The next time you knock over a salt shaker and throw a pinch of the spilled grains over your left shoulder to ward off bad luck, bear in mind that at one time they would have formed part of someone’s wages.
It’s amazing the things you learn when you least expect it. I’m getting an in-depth lecture about the world of salt, salt and pepper shakers, and salt cellars from Andrea Ludden, her son, Alex, and her daughter, Andrea, at their Museum of Salt and Pepper Shakers in Gatlinburg, Tennessee. And jolly interesting it is.
Far from being just a wacky obsession by a Belgian lady with a fetish for salt shakers, Andrea Ludden’s collection of over 40,000 pairs (half in the family museum in Gatlinburg and half in its new museum in Guadalest, in eastern Spain), started completely by chance, when Andrea bought a pepper mill at a garage sale in the mid-1980s.
It didn’t work, so she bought a couple more. “I used to stand them on the window ledge of my kitchen, and neighbors thought I was building a collection. Nothing could have been further from my mind!” They started bringing her new ones, and eventually, she says, “I had about 14,000 on shelves all over the house, even in the bedrooms.” That’s when her husband, Rolf, told her, “‘Andrea, you either find somewhere to put these things or it’s a divorce!’ So we decided to create a museum.”
Wander around the museum and you’ll find it hard to believe that the 20,000 pairs of shakers—fat chefs, ruby red tomatoes, guardsmen in bear skins, Santa’s feet sticking from a chimney, pistols and potatoes, a copy of the salt-and-pepper-shaker cuff links worn by Lady Diana—have any reason for being together other than as someone’s idea of being collectibles, but they do.
An archaeologist by training, Andrea spent many years working in South America, where her main interest had been in how people traveled and communicated.
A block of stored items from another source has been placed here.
lemma LR_gen_False_nf_lang:
  assumes k: "k \<ge> 1"
  shows "LR (akb_mult k) (nf_lang k) (Some (gen k False)) = b_step_lang k"
proof -
  have LR: "LR (akb_mult k) (nf_lang k) (Some (gen k False))
      = (\<lambda>w. padR (map (gen k) w) (map (gen k) (reduce k 0 (w @ [False])))) ` nf_words k"
    using LR_nf_lang[OF k] by (simp add: rmul_gen)
  have "p \<in> LR (akb_mult k) (nf_lang k) (Some (gen k False))" if p: "p \<in> b_step_lang k" for p
  proof -
    consider x where "x \<in> short_run_words k" "x \<noteq> []" "p = map (diag k) x @ [(None, Some (gen k False))]"
      | x t where "x \<in> short_run_words k" "k dvd Suc t"
        "p = map (diag k) x @ [(Some (gen k True), Some (gen k False))] @ replicate t (Some (gen k True), None)"
      using p unfolding b_step_lang_def by auto
    then show ?thesis
    proof cases
      case (1 x)
      then have "x \<in> nf_words k" "reduce k 0 (x @ [False]) = x @ [False]"
        using reduce_append_b[of k x 0] unfolding short_run_words_def nf_words_def by simp_all
      then show ?thesis
        unfolding LR using 1(3) padR_map_gen_snoc[of k x False] by force
    next
      case (2 x t)
      then have "x @ replicate (Suc t) True \<in> nf_words k"
        "reduce k 0 ((x @ replicate (Suc t) True) @ [False]) = x @ [False]"
        using reduce_append_b[of k x "Suc t"] unfolding short_run_words_def nf_words_def
        by (simp_all add: reduced_append reduced_replicate_True)
      moreover have "p = padR (map (gen k) (x @ replicate (Suc t) True))
          (map (gen k) (reduce k 0 ((x @ replicate (Suc t) True) @ [False])))"
        using 2(3) calculation(2) padR_map_gen_collapse[of k x t] by simp
      ultimately show ?thesis
        unfolding LR by blast
    qed
  qed
  then show ?thesis
    using padR_reduce_b_mem_b_step_lang[OF k] unfolding LR by blast
qed

lemma prefix_lang_eq_LR_None:
  assumes pref: "\<And>v. v \<in> Pref L \<Longrightarrow> v \<noteq> [] \<Longrightarrow> v \<in> L" and nonempty: "[] \<notin> L"
  shows "{padR u v | u v. u \<in> L \<and> v \<in> Pref L \<and> v \<noteq> [] \<and> evalw m u = evalw m v} = LR m L None"
proof -
  have "L \<subseteq> Pref L"
    unfolding Pref_def by blast
  then show ?thesis
    unfolding LR_def rmul_def using pref nonempty by (auto 0 4)
qed

lemma Pref_nf_lang: "v \<in> Pref (nf_lang k) \<Longrightarrow> v \<noteq> [] \<Longrightarrow> v \<in> nf_lang k"
proof -
  assume "v \<in> Pref (nf_lang k)" "v \<noteq> []"
  then obtain w s where w: "w \<in> nf_words k" "map (gen k) w = v @ s"
    unfolding Pref_def nf_lang_def by blast
  define w' where "w' = take (length v) w"
  have v: "v = map (gen k) w'"
    using arg_cong[OF w(2), of "take (length v)"] unfolding w'_def by (simp add: take_map)
  have "reduced k 0 (w' @ drop (length v) w)"
    using w(1) unfolding w'_def nf_words_def by simp
  then have "w' \<in> nf_words k"
    using v \<open>v \<noteq> []\<close> unfolding nf_words_def by (auto simp: reduced_append)
  then show "v \<in> nf_lang k"
    unfolding nf_lang_def v by blast
qed

theorem prefix_automatic_akb:
  assumes k: "k \<ge> 1"
  shows "prefix_automatic (akb_carrier k) (akb_mult k)"
proof -
  have diag_regular: "regular (map (diag k) ` nf_words k)"
    by (rule regular_map_image[OF regular_nf_words inj_diag])
  have "regular (LR (akb_mult k) (nf_lang k) a)" if "a \<in> insert None (Some ` range (gen k))" for a
  proof -
    from that obtain x where "a = None \<or> a = Some (gen k x)"
      by blast
    then consider "a = None" | "a = Some (gen k True)" | "a = Some (gen k False)"
      by (cases x) auto
    then show ?thesis
    proof cases
      case 1
      then show ?thesis using LR_None_nf_lang[OF k] diag_regular by simp
    next
      case 2
      have "\<forall>x \<in> map (diag k) ` nf_words k. (None, Some (gen k True)) \<notin> set x"
        by (auto simp: diag_def)
      then show ?thesis
        using 2 LR_gen_True_nf_lang[OF k] regular_append_marker[OF diag_regular regular_Nil] by simp
    next
      case 3
      then show ?thesis using LR_gen_False_nf_lang[OF k] regular_b_step_lang[OF k] by simp
    qed
  qed
  then have "automatic_structure (akb_carrier k) (akb_mult k) (range (gen k)) (nf_lang k)"
    unfolding automatic_structure_def using gen_lang_nf_lang[OF k] by blast
  moreover have "[] \<notin> nf_lang k"
    unfolding nf_lang_def nf_words_def by auto
  moreover have "regular {padR u v | u v. u \<in> nf_lang k \<and> v \<in> Pref (nf_lang k) \<and> v \<noteq> []
      \<and> evalw (akb_mult k) u = evalw (akb_mult k) v}"
    using prefix_lang_eq_LR_None[OF Pref_nf_lang \<open>[] \<notin> nf_lang k\<close>] LR_None_nf_lang[OF k] diag_regular
    by simp
  ultimately show ?thesis
    unfolding prefix_automatic_def by blast
qed

section \<open>No biautomatic structure\<close>

lemma generator_with_b:
  assumes gl: "gen_lang (akb_carrier k) (akb_mult k) A L"
  obtains h where "h \<in> A" "False \<in> set (some_elem h)"
proof -
  obtain w where w: "w \<in> L" "evalw (akb_mult k) w = akb.cls k [False]"
    using gen_langE[OF gl akb.cls_carrier[where w = "[False]"]] by auto
  then have "akb.cls k [False] = akb.cls k (spell w)"
    using akb.evalw_gen_lang[OF gl w(1)] by simp
  then have "([False], spell w) \<in> akb_cong k"
    using akb.cls_eq_iff by blast
  then have "count_list (spell w) False = 1"
    using akb_cong_invariants by fastforce
  then have "False \<in> set (spell w)"
    by (metis count_notin zero_neq_one)
  then obtain h where "h \<in> set w" "False \<in> set (some_elem h)"
    by (auto simp: spell_def)
  moreover have "set w \<subseteq> A"
    using gl w(1) unfolding gen_lang_def by auto
  ultimately show ?thesis
    using that by blast
qed

lemma b_count_cancel:
  assumes gl: "gen_lang (akb_carrier k) (akb_mult k) A L" and "u \<in> L" "u' \<in> L" "h \<in> A"
    and eq: "akb_mult k (evalw (akb_mult k) u) h = akb_mult k (evalw (akb_mult k) u') h"
  shows "count_list (spell u) False = count_list (spell u') False"
proof -
  have h: "h \<in> akb_carrier k"
    using gl \<open>h \<in> A\<close> unfolding gen_lang_def by blast
  have "akb.cls k (spell u @ some_elem h) = akb.cls k (spell u' @ some_elem h)"
    using eq akb.evalw_gen_lang[OF gl] akb.sgp_mult_cls_carrier[OF _ h] assms(2,3) by metis
  then have "(spell u @ some_elem h, spell u' @ some_elem h) \<in> akb_cong k"
    using akb.cls_eq_iff akb.evalw_gen_lang[OF gl \<open>u \<in> L\<close>] by blast
  then show ?thesis
    using akb_cong_invariants by fastforce
qed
When she and her family moved to the United States, she couldn’t find work in her field so she turned her attention to social anthropology, studying everyday life since the early years of the 20th century as seen through her growing collection of salt and pepper shakers.
“It’s often by looking at the apparently more mundane articles in everyday life that you can build up a broad picture of a specific period,” Andrea says. “There’s almost nothing you can imagine that hasn’t been copied as a salt and pepper shaker, and many of them reflect the designs, the colors and the preoccupations of the period.”